**What to do**
Where "close" occurs in a line of the entries below, copy that line.

Items from a dataset
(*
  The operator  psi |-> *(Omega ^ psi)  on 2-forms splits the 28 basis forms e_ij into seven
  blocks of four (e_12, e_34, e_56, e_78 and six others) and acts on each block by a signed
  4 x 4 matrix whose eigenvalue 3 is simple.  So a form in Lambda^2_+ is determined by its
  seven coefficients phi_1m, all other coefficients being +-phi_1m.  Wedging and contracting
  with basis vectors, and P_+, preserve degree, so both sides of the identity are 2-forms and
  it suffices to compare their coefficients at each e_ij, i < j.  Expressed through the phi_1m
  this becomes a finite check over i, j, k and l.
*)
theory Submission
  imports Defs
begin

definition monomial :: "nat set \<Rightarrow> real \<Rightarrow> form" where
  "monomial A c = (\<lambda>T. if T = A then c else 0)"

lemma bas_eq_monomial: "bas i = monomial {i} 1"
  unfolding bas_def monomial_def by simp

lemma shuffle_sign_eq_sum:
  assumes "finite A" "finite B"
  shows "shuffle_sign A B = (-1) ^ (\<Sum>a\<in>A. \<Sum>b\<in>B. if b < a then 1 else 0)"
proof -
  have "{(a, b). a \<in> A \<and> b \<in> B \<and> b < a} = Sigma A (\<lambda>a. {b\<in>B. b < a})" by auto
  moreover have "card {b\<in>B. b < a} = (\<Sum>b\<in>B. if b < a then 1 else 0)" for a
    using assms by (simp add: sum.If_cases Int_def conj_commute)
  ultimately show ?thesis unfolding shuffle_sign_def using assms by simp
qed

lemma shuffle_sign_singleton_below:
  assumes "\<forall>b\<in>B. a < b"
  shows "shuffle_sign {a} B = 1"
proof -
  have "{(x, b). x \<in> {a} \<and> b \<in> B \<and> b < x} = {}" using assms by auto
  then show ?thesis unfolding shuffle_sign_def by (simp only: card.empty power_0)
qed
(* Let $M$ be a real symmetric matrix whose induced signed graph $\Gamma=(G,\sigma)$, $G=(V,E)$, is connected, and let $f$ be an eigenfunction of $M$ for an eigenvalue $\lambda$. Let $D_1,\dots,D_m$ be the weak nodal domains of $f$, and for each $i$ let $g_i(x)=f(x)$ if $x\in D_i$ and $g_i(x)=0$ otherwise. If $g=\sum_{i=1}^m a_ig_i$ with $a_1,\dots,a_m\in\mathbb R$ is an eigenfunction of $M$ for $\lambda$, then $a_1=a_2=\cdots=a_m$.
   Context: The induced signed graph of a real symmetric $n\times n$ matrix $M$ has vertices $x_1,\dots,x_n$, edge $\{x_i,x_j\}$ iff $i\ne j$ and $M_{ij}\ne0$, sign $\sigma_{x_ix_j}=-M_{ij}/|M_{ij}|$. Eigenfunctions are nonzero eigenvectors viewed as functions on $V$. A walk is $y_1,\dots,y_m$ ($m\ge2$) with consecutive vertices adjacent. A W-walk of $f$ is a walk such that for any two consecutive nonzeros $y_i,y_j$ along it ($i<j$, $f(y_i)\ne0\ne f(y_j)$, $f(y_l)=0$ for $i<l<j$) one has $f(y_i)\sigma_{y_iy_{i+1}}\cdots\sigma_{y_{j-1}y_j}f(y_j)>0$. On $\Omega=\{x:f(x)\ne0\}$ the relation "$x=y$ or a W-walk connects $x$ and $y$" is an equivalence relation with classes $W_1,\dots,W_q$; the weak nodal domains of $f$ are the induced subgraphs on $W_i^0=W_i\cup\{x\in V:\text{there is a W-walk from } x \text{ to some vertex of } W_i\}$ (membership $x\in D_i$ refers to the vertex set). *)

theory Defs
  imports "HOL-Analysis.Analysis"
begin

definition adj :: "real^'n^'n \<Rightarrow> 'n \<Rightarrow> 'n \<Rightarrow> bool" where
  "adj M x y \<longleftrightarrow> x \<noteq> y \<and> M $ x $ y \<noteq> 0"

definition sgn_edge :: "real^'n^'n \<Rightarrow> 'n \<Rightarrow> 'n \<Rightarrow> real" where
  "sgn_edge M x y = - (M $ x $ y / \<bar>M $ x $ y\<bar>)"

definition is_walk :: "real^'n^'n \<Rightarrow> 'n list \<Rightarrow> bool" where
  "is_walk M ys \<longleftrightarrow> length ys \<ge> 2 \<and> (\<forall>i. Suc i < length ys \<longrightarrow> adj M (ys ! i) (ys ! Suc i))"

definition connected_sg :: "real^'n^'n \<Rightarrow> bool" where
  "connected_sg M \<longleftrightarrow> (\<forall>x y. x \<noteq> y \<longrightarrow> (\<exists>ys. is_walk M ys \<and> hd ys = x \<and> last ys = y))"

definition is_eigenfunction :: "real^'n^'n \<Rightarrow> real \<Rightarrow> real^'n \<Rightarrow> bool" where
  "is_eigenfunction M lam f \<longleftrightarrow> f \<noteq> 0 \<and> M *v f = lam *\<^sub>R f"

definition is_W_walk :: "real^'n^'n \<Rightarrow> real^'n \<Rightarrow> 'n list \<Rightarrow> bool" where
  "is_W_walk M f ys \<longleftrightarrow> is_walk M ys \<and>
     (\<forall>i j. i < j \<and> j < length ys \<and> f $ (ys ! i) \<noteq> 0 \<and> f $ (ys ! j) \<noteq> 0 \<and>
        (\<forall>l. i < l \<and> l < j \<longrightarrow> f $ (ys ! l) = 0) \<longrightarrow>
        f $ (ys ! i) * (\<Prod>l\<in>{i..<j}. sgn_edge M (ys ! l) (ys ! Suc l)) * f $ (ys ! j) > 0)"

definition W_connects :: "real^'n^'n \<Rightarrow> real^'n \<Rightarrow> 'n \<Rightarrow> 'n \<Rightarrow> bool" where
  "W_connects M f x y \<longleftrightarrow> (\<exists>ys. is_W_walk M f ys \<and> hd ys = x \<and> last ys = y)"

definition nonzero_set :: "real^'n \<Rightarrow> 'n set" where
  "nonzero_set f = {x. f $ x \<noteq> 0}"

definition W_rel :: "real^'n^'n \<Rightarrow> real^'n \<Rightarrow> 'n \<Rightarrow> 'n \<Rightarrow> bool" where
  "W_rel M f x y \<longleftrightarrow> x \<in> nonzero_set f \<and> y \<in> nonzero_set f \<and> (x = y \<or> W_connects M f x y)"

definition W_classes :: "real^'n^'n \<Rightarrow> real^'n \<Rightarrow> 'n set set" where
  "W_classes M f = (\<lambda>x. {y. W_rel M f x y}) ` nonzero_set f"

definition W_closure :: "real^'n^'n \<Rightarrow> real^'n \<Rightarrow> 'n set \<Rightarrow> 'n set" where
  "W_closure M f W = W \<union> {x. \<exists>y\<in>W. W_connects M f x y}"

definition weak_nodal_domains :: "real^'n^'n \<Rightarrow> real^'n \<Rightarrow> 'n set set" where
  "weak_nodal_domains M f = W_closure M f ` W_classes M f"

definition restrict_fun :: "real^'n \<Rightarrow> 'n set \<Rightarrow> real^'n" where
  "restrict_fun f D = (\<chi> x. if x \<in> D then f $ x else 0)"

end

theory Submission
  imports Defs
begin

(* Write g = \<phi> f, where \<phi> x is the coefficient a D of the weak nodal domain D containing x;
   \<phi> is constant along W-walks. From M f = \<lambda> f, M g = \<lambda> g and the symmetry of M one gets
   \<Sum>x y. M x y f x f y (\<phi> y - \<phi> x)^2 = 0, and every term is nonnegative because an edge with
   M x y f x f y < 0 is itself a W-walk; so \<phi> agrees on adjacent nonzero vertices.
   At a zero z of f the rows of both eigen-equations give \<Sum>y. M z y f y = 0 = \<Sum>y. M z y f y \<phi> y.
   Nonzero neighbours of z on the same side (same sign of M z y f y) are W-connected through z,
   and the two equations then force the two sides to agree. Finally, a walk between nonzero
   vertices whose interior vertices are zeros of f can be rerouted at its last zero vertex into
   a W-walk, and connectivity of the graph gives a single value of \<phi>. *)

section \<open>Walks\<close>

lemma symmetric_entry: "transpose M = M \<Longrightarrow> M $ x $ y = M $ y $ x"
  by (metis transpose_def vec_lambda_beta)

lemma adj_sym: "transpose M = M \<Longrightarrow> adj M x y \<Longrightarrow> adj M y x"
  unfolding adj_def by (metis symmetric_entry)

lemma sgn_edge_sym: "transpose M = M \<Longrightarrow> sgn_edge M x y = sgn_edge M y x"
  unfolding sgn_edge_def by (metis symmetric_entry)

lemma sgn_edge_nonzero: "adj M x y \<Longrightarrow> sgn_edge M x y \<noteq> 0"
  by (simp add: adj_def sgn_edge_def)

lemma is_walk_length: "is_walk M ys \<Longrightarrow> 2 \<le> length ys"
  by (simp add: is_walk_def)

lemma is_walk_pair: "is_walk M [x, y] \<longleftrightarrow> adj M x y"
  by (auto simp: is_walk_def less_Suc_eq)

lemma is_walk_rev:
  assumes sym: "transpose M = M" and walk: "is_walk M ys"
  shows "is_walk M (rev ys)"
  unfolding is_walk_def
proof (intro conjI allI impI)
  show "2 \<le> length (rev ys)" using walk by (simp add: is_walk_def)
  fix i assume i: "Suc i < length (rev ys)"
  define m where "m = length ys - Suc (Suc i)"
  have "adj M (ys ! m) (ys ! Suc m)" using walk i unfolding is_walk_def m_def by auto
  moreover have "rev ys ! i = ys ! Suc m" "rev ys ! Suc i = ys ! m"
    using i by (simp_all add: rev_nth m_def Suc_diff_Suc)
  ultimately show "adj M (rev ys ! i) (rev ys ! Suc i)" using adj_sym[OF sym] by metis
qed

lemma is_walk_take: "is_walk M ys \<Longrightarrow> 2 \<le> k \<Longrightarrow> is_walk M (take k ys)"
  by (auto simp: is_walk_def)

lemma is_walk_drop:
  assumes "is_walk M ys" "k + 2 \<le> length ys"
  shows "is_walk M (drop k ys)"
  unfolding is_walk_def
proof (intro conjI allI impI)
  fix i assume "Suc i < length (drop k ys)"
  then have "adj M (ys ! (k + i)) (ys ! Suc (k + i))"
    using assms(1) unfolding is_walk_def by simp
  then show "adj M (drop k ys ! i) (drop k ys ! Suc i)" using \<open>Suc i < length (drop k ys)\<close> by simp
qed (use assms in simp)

**Finished exercise**
section \<open>Walks\<close>
  then show "adj M (drop k ys ! i) (drop k ys ! Suc i)" using \<open>Suc i < length (drop k ys)\<close> by simp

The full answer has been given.